Chief Verdin said It took more than 13 weeks of the spill, for
the local Parish president, the chief executive for the tribal areas,
to meet with tribal leaders.

"From what we understood, they were going to shut us down completely
and have people from other staging areas come here and take our place
at cleaning up our lands," Verdin said. "We could do a lot better job
than if you send somebody else from outside; they come just to do a
cleaning and really don't care about the property. ... They just there
for a dollar, whereas our people are there, we are trying to save our
own land... We're experienced in the marshes."

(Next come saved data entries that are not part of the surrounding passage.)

subsection \<open>\<open>\<ell>\<^sub>p\<close> norms\<close>

lemma lp_dominated:
  fixes z :: "nat \<Rightarrow> 'a::real_normed_vector" and f :: "nat \<Rightarrow> 'b::real_normed_vector"
  assumes p: "0 < p" and s: "summable (\<lambda>i. norm (z i) powr p)" and c: "0 \<le> c"
    and le: "\<And>i. norm (f i) \<le> c * norm (z i)"
  shows "summable (\<lambda>i. norm (f i) powr p) \<and>
    (\<Sum>i. norm (f i) powr p) powr (1/p) \<le> c * (\<Sum>i. norm (z i) powr p) powr (1/p)"
proof -
  have term_le: "norm (f i) powr p \<le> c powr p * norm (z i) powr p" for i
  proof -
    have "norm (f i) powr p \<le> (c * norm (z i)) powr p"
      using p le[of i] by (intro powr_mono2) auto
    also have "\<dots> = c powr p * norm (z i) powr p" using c by (simp add: powr_mult)
    finally show ?thesis .
  qed
  have s2: "summable (\<lambda>i. c powr p * norm (z i) powr p)" using s by (rule summable_mult)
  have sf: "summable (\<lambda>i. norm (f i) powr p)"
    by (rule summable_comparison_test[OF _ s2]) (use term_le in auto)
  have "(\<Sum>i. norm (f i) powr p) \<le> (\<Sum>i. c powr p * norm (z i) powr p)"
    by (rule suminf_le[OF term_le sf s2])
  also have "\<dots> = c powr p * (\<Sum>i. norm (z i) powr p)" using s by (rule suminf_mult)
  finally have "(\<Sum>i. norm (f i) powr p) powr (1/p) \<le> (c powr p * (\<Sum>i. norm (z i) powr p)) powr (1/p)"
    using p sf by (intro powr_mono2 suminf_nonneg) auto
  also have "\<dots> = c * (\<Sum>i. norm (z i) powr p) powr (1/p)"
    using p c s by (simp add: powr_mult powr_powr suminf_nonneg)
  finally show ?thesis using sf by simp
qed

lemma norm_le_lp_norm:
  fixes z :: "nat \<Rightarrow> 'a::real_normed_vector"
  assumes p: "0 < p" and s: "summable (\<lambda>i. norm (z i) powr p)"
  shows "norm (z i) \<le> (\<Sum>i. norm (z i) powr p) powr (1/p)"
proof -
  have "norm (z i) powr p \<le> (\<Sum>i. norm (z i) powr p)"
    using sum_le_suminf[OF s, of "{i}"] by simp
  then have "(norm (z i) powr p) powr (1/p) \<le> (\<Sum>i. norm (z i) powr p) powr (1/p)"
    using p by (intro powr_mono2) auto
  then show ?thesis using p by (simp add: powr_powr)
qed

Verdin said the local officials agreed to leave the tribal
staging area open, but he added, "from what I hear him, they are still
watching us close, they're just waiting for us to do any little
mistake, anything wrong. So they will have an excuse to shut us down."

Ferguson said the long
history of racism and exploitation add to the tribe's suspicions. "I
just think it's just a perpetuation of ignoring the Indians; I think
people have that feeling," she said.

Chief Randy Verdun, who
represents the Lafourche Band of Biloxi-Chitimacha, said the Native
peoples in the area are extremely concerned that a "real bad storm"
could bring in more oil and pollute the bayous, essentially putting an
end to a way of life that has gone on for centuries.

"Things are going okay as long as they can collect the oil," Chief
Verdun said. "But if the storms come, that changes all the dynamics of
the situation and the problem that we have. But again, if that oil is
pushed on shore ... the flooding doesn't occur just on the coast it comes
miles in and that oil basically covers hundreds if not thousands of
square miles along the coast. Then, how do you clean that up? "

"It is one thing," said Chief Verdun, "when you can get it while it's
still in the water. But once it's on land that's a massive
undertaking. And again, I think our people will be displaced and be
forced to move, until a time that this stuff is cleaned up.

"And I think in some cases, they'll
say it's not worth it and they'll probably come in and render the
dwellings of our members uninhabitable. And we'll be destroyed."